There can be such a thing as too much security, the Navy said in a new Instruction on “Operations Security” (pdf) or OPSEC.
OPSEC refers to the control of unclassified indicators that an adversary could use to derive “critical information” (CI) concerning military or intelligence programs.
“Properly applied, OPSEC contributes directly to operational effectiveness by withholding CI from an adversary, thereby forcing an adversary’s decisions to be based on information friendly forces choose to release,” the new Navy Instruction said. “Inadequate OPSEC planning or poor execution degrades operational effectiveness by hindering the achievement of surprise.”
But even if adequately planned and executed, not all OPSEC is necessary or useful; sometimes it is actually counterproductive.
“Excessive OPSEC countermeasures… can degrade operational effectiveness by interfering with the required activities such as coordination, training and logistical support,” the Instruction said.

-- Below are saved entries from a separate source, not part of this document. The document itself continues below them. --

lemma structural_rank_eq_rank_generic:
  obtains k l Ms where "struct_decomp M k l Ms"
    and "structural_rank M = vec_space.rank (dim_row M)
           (map_mat ratfun_of (generic_qpoly_mat (dim_row M) (dim_col M) k Ms))"
proof -
  define kLMs where "kLMs = (SOME (k, l, Ms). struct_decomp M k l Ms)"
  obtain k l Ms where kLMs_eq: "kLMs = (k, l, Ms)"
    by (cases kLMs) auto
  have "(\<lambda>(k, l, Ms). struct_decomp M k l Ms) kLMs"
    unfolding kLMs_def by (rule someI_ex) (use struct_decomp_exists in auto)
  then have "struct_decomp M k l Ms"
    by (simp add: kLMs_eq)
  moreover have "map_mat ratfun_of (generic_qpoly_mat (dim_row M) (dim_col M) k Ms)
      = mat (dim_row M) (dim_col M) (\<lambda>(r, c). \<Sum>i<k. rf_var i * rf_const (Ms i $$ (r, c)))"
  proof -
    interpret ratfun_of: comm_ring_hom ratfun_of
      by (rule comm_ring_hom_ratfun_of)
    show ?thesis
      by (auto simp: generic_qpoly_mat_def rf_var_eq rf_const_eq ratfun_of.hom_sum
          ratfun_of.hom_mult mult.commute)
  qed
  ultimately show ?thesis
    using that by (simp add: structural_rank_def kLMs_def[symmetric] kLMs_eq)
qed

lemma struct_decomp_entry:
  assumes "struct_decomp M k l Ms" "i < dim_row M" "j < dim_col M"
  shows "M $$ (i, j) = (\<Sum>t<k. of_rat (Ms t $$ (i, j)) * l t)"
proof -
  from assms(1) have "M = mat (dim_row M) (dim_col M) (\<lambda>(r, c). \<Sum>t<k. l t * of_rat (Ms t $$ (r, c)))"
    unfolding struct_decomp_def by blast
  from arg_cong[OF this, of "\<lambda>A. A $$ (i, j)"] assms(2,3) show ?thesis
    by (simp add: mult.commute)
qed

lemma struct_decomp_specialize:
  assumes "struct_decomp M k l Ms"
  shows "map_mat (qpoly_eval of_rat l) (generic_qpoly_mat (dim_row M) (dim_col M) k Ms) = M"
proof -
  interpret ev: comm_ring_hom "qpoly_eval of_rat l"
    by (rule comm_ring_hom_qpoly_eval[OF comm_ring_hom_of_rat])
  show ?thesis
    by (rule eq_matI) (auto simp: generic_qpoly_mat_def ev.hom_sum ev.hom_mult
        struct_decomp_entry[OF assms] comm_ring_hom_of_rat)
qed

lemma struct_decomp_q_linear_image:
  assumes sd: "struct_decomp M k l Ms" and lin: "q_linear \<Phi>"
    and \<Phi>_l: "\<And>i. i < k \<Longrightarrow> \<Phi> (l i) = rf_var i"
  shows "map_mat \<Phi> M = map_mat ratfun_of (generic_qpoly_mat (dim_row M) (dim_col M) k Ms)"
proof -
  interpret \<Phi>: Vector_Spaces.linear "\<lambda>c z. of_rat c * z" "\<lambda>c f. rf_const c * f" \<Phi>
    by (rule lin)
  interpret ratfun_of: comm_ring_hom ratfun_of
    by (rule comm_ring_hom_ratfun_of)
  show ?thesis
    by (rule eq_matI) (auto simp: generic_qpoly_mat_def struct_decomp_entry[OF sd] \<Phi>.sum \<Phi>.scale
        \<Phi>_l ratfun_of.hom_sum ratfun_of.hom_mult rf_var_eq rf_const_eq)
qed

section \<open>Vanishing minors\<close>

lemma exists_affine_qpoly_mat:
  fixes M :: "complex mat" and b :: "nat \<Rightarrow> complex"
  assumes M: "M \<in> carrier_mat m n"
    and entries: "\<And>i j. i < m \<Longrightarrow> j < n \<Longrightarrow> M $$ (i, j) \<in> Q_complex.span (insert 1 (b ` {..<r}))"
  obtains N where "\<And>i j. i < dim_row N \<Longrightarrow> j < dim_col N \<Longrightarrow> vars_below r (N $$ (i, j))"
    and "map_mat (qpoly_eval of_rat b) N = M"
    and "\<And>\<Phi>. q_linear \<Phi> \<Longrightarrow> \<Phi> 1 \<noteq> 0 \<Longrightarrow>
      map_mat (qpoly_eval rf_const (\<lambda>t. \<Phi> (b t) / \<Phi> 1)) N = inverse (\<Phi> 1) \<cdot>\<^sub>m map_mat \<Phi> M"
proof -
  have "\<forall>i j. \<exists>c c0. i < m \<longrightarrow> j < n \<longrightarrow> M $$ (i, j) = (\<Sum>t<r. of_rat (c t) * b t) + of_rat c0"
    using entries by (auto simp: in_span_insert_1_iff)
  then obtain c c0 where M_ij: "\<And>i j. i < m \<Longrightarrow> j < n \<Longrightarrow>
      M $$ (i, j) = (\<Sum>t<r. of_rat (c i j t) * b t) + of_rat (c0 i j)"
    by metis
  define N where "N = mat m n (\<lambda>(i, j). (\<Sum>t<r. qconst (c i j t) * qvar t) + qconst (c0 i j))"
  have "vars_below r (N $$ (i, j))" if "i < dim_row N" "j < dim_col N" for i j
    using that by (auto simp: N_def intro!: vars_below_add vars_below_sum vars_below_mult
        vars_below_qconst vars_below_qvar)
  moreover interpret ev_b: comm_ring_hom "qpoly_eval of_rat b"
    by (rule comm_ring_hom_qpoly_eval[OF comm_ring_hom_of_rat])
  have "map_mat (qpoly_eval of_rat b) N = M"
    using M by (auto simp: N_def M_ij comm_ring_hom_of_rat ev_b.hom_sum ev_b.hom_add ev_b.hom_mult)
  moreover have "map_mat (qpoly_eval rf_const (\<lambda>t. \<Phi> (b t) / \<Phi> 1)) N = inverse (\<Phi> 1) \<cdot>\<^sub>m map_mat \<Phi> M"
    if lin: "q_linear \<Phi>" and \<Phi>_1: "\<Phi> 1 \<noteq> 0" for \<Phi>
  proof (rule eq_matI)
    interpret \<Phi>: Vector_Spaces.linear "\<lambda>c z. of_rat c * z" "\<lambda>c f. rf_const c * f" \<Phi>
      by (rule lin)
    interpret ev_w: comm_ring_hom "qpoly_eval rf_const (\<lambda>t. \<Phi> (b t) / \<Phi> 1)"
      by (rule comm_ring_hom_qpoly_eval[OF comm_ring_hom_rf_const])
    fix i j assume "i < dim_row (inverse (\<Phi> 1) \<cdot>\<^sub>m map_mat \<Phi> M)"
      and "j < dim_col (inverse (\<Phi> 1) \<cdot>\<^sub>m map_mat \<Phi> M)"
    with M have ij: "i < m" "j < n" by auto
    have "\<Phi> (M $$ (i, j)) = (\<Sum>t<r. rf_const (c i j t) * \<Phi> (b t)) + rf_const (c0 i j) * \<Phi> 1"
      using M_ij[OF ij] \<Phi>.scale[of "c0 i j" 1] by (simp add: \<Phi>.add \<Phi>.sum \<Phi>.scale)
    with ij M \<Phi>_1 show "map_mat (qpoly_eval rf_const (\<lambda>t. \<Phi> (b t) / \<Phi> 1)) N $$ (i, j)
        = (inverse (\<Phi> 1) \<cdot>\<^sub>m map_mat \<Phi> M) $$ (i, j)"
      by (simp add: N_def comm_ring_hom_rf_const ev_w.hom_sum ev_w.hom_add ev_w.hom_mult
          field_simps sum_distrib_left)
  qed (use M in \<open>auto simp: N_def\<close>)
  ultimately show ?thesis
    using that by blast
qed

See “Operations Security,” OPNAV Instruction 3432.1A, 4 August 2011.
Unfortunately, the Instruction does not and perhaps cannot provide criteria for distinguishing between proper OPSEC and excessive OPSEC. Instead, it directs commanders and program managers to “evaluate” each operation and draw the appropriate conclusions. What if the program manager is shortsighted or simply makes a mistake? What if OPSEC is justified from a security perspective, but also undermines government accountability or public confidence in government integrity? The Instruction has nothing to say about that.

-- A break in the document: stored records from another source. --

theorem lemma3:
  fixes m :: nat
  assumes "m \<ge> 1"
  shows "clique_number m \<le> hurwitz_radon (2 ^ m) \<and> (m \<ge> 4 \<longrightarrow> hurwitz_radon (2 ^ m) < 2 ^ m)"
proof
  show "clique_number m \<le> hurwitz_radon (2 ^ m)"
    unfolding hurwitz_radon_power_two by (rule clique_number_le[OF card_clique_le])
  show "m \<ge> 4 \<longrightarrow> hurwitz_radon (2 ^ m) < 2 ^ m"
    using hurwitz_radon_power_two_less by blast
qed

end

Because of the subjective element in such decisions, the use of OPSEC (like the application of national security classification controls) is often arbitrary and disputed.

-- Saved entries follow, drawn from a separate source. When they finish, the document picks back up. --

(* Let $a,b,c,d\ge 0$ be integers with $a+b=c+d=n\ge 1$, and let $\underline x=(a,b)$ and $\underline y=(c,d)$. Then the meander permutation $\sigma_{\underline x,\underline y}$ sends each $i\in\{1,\ldots,n\}$ to the unique element of $\{1,\ldots,n\}$ congruent to $i+a-c$ modulo $n$.
   Context: For compositions $\underline x=(a_1,\ldots,a_m)$, $\underline y=(b_1,\ldots,b_t)$ of $n$ (sequences of nonnegative integers summing to $n$), define bijections $t,b$ of $\{1,\ldots,n\}$ as follows. For each part $a_k$ with $s=a_1+\cdots+a_{k-1}$, set $t(s+j)=s+a_k+1-j$ for $1\le j\le a_k$. Similarly, for each part $b_k$ of $\underline y$ with $s=b_1+\cdots+b_{k-1}$, set $b(s+j)=s+b_k+1-j$ for $1\le j\le b_k$. (These are the top and bottom bijections of the modified meander graph: each vertex is sent to the other endpoint of its top, resp. bottom, arc and fixed if it has none.) The meander permutation is $\sigma_{\underline x,\underline y}=t\circ b$. *)

theory Defs
  imports "HOL-Number_Theory.Cong"
begin

fun part_rev :: "nat list \<Rightarrow> nat \<Rightarrow> nat \<Rightarrow> nat" where
  "part_rev [] s i = i"
| "part_rev (a # xs) s i =
     (if s < i \<and> i \<le> s + a then s + a + 1 - (i - s) else part_rev xs (s + a) i)"

definition comp_bij :: "nat list \<Rightarrow> nat \<Rightarrow> nat" where
  "comp_bij xs i = part_rev xs 0 i"

definition meander_perm :: "nat list \<Rightarrow> nat list \<Rightarrow> nat \<Rightarrow> nat" where
  "meander_perm xs ys = comp_bij xs \<circ> comp_bij ys"

end

theory Submission
  imports Defs
begin

text \<open>For a composition \<open>(a, b)\<close> of \<open>n\<close>, the bijection \<open>i \<mapsto> a + 1 - i\<close> on the first
  part and \<open>i \<mapsto> n + a + 1 - i\<close> on the second agree modulo \<open>n\<close>: the arc bijection is the
  reflection \<open>i \<mapsto> a + 1 - i\<close> of \<open>\<int>/n\<close>. The meander permutation is a product of two such
  reflections, hence the rotation \<open>i \<mapsto> i + a - c\<close>.\<close>

lemma comp_bij_two_parts:
  "comp_bij [a, b] i = (if 0 < i \<and> i \<le> a then a + 1 - i
     else if a < i \<and> i \<le> a + b then a + b + 1 - (i - a) else i)"
  by (simp add: comp_bij_def)

lemma comp_bij_two_parts_reflection:
  fixes a b n i :: nat
  assumes "a + b = n" and "i \<in> {1..n}"
  shows "comp_bij [a, b] i \<in> {1..n}
         \<and> [int (comp_bij [a, b] i) = int a + 1 - int i] (mod int n)"
proof (cases "i \<le> a")
  case True
  then have val: "comp_bij [a, b] i = a + 1 - i"
    using assms by (simp add: comp_bij_two_parts)
  have "int (comp_bij [a, b] i) = int a + 1 - int i"
    using True unfolding val by simp
  then have "[int (comp_bij [a, b] i) = int a + 1 - int i] (mod int n)"
    by simp
  with True assms val show ?thesis by auto
next
  case False
  then have val: "comp_bij [a, b] i = a + b + 1 - (i - a)"
    using assms by (simp add: comp_bij_two_parts)
  have "int (comp_bij [a, b] i) = (int a + 1 - int i) + int n"
    using False assms unfolding val by simp
  then have "[int (comp_bij [a, b] i) = int a + 1 - int i] (mod int n)"
    by (simp add: cong_def)
  with False assms val show ?thesis by auto
qed

theorem lemma4p8:
  fixes a b c d n :: nat
  assumes "a + b = n" and "c + d = n" and "n \<ge> 1"
  shows "\<forall>i \<in> {1..n}. meander_perm [a, b] [c, d] i \<in> {1..n}
          \<and> [int (meander_perm [a, b] [c, d] i) = int i + int a - int c] (mod int n)"
proof
  fix i assume i: "i \<in> {1..n}"
  define j where "j = comp_bij [c, d] i"
  have j: "j \<in> {1..n}" "[int j = int c + 1 - int i] (mod int n)"
    using comp_bij_two_parts_reflection[OF assms(2) i] by (simp_all add: j_def)
  have m: "meander_perm [a, b] [c, d] i \<in> {1..n}"
      "[int (meander_perm [a, b] [c, d] i) = int a + 1 - int j] (mod int n)"
    using comp_bij_two_parts_reflection[OF assms(1) j(1)]
    by (simp_all add: meander_perm_def j_def)
  have "[int a + 1 - int j = int a + 1 - (int c + 1 - int i)] (mod int n)"
    using j(2) by (intro cong_diff cong_refl)
  from cong_trans[OF m(2) this]
  have "[int (meander_perm [a, b] [c, d] i) = int i + int a - int c] (mod int n)"
    by (simp add: algebra_simps)
  with m(1) show "meander_perm [a, b] [c, d] i \<in> {1..n}
          \<and> [int (meander_perm [a, b] [c, d] i) = int i + int a - int c] (mod int n)"
    by blast
qed

end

After 30 U.S. servicemen, including 17 Navy SEALs, were killed in Afghanistan on August 6 when their helicopter was shot down, U.S. Special Operations Command asked that the names of the SEALs not be disclosed for security reasons. Secretary of Defense Leon Panetta rejected that view and the names were released by the Pentagon yesterday.
But in a questionable nod to OPSEC, the name of the unit to which the SEALs were attached — the Naval Special Warfare Development Group (DEVGRU) — was not cited by the Pentagon, Bloomberg News reported. Instead, the DoD press release referred only to “an East Coast-based Naval Special Warfare unit.” Yet the Navy itself has previously acknowledged and referred by name to the same SEAL unit. See “Pentagon Releases Identities of SEALs Killed, Not Unit Name” by Tony Capaccio, Bloomberg News, August 11.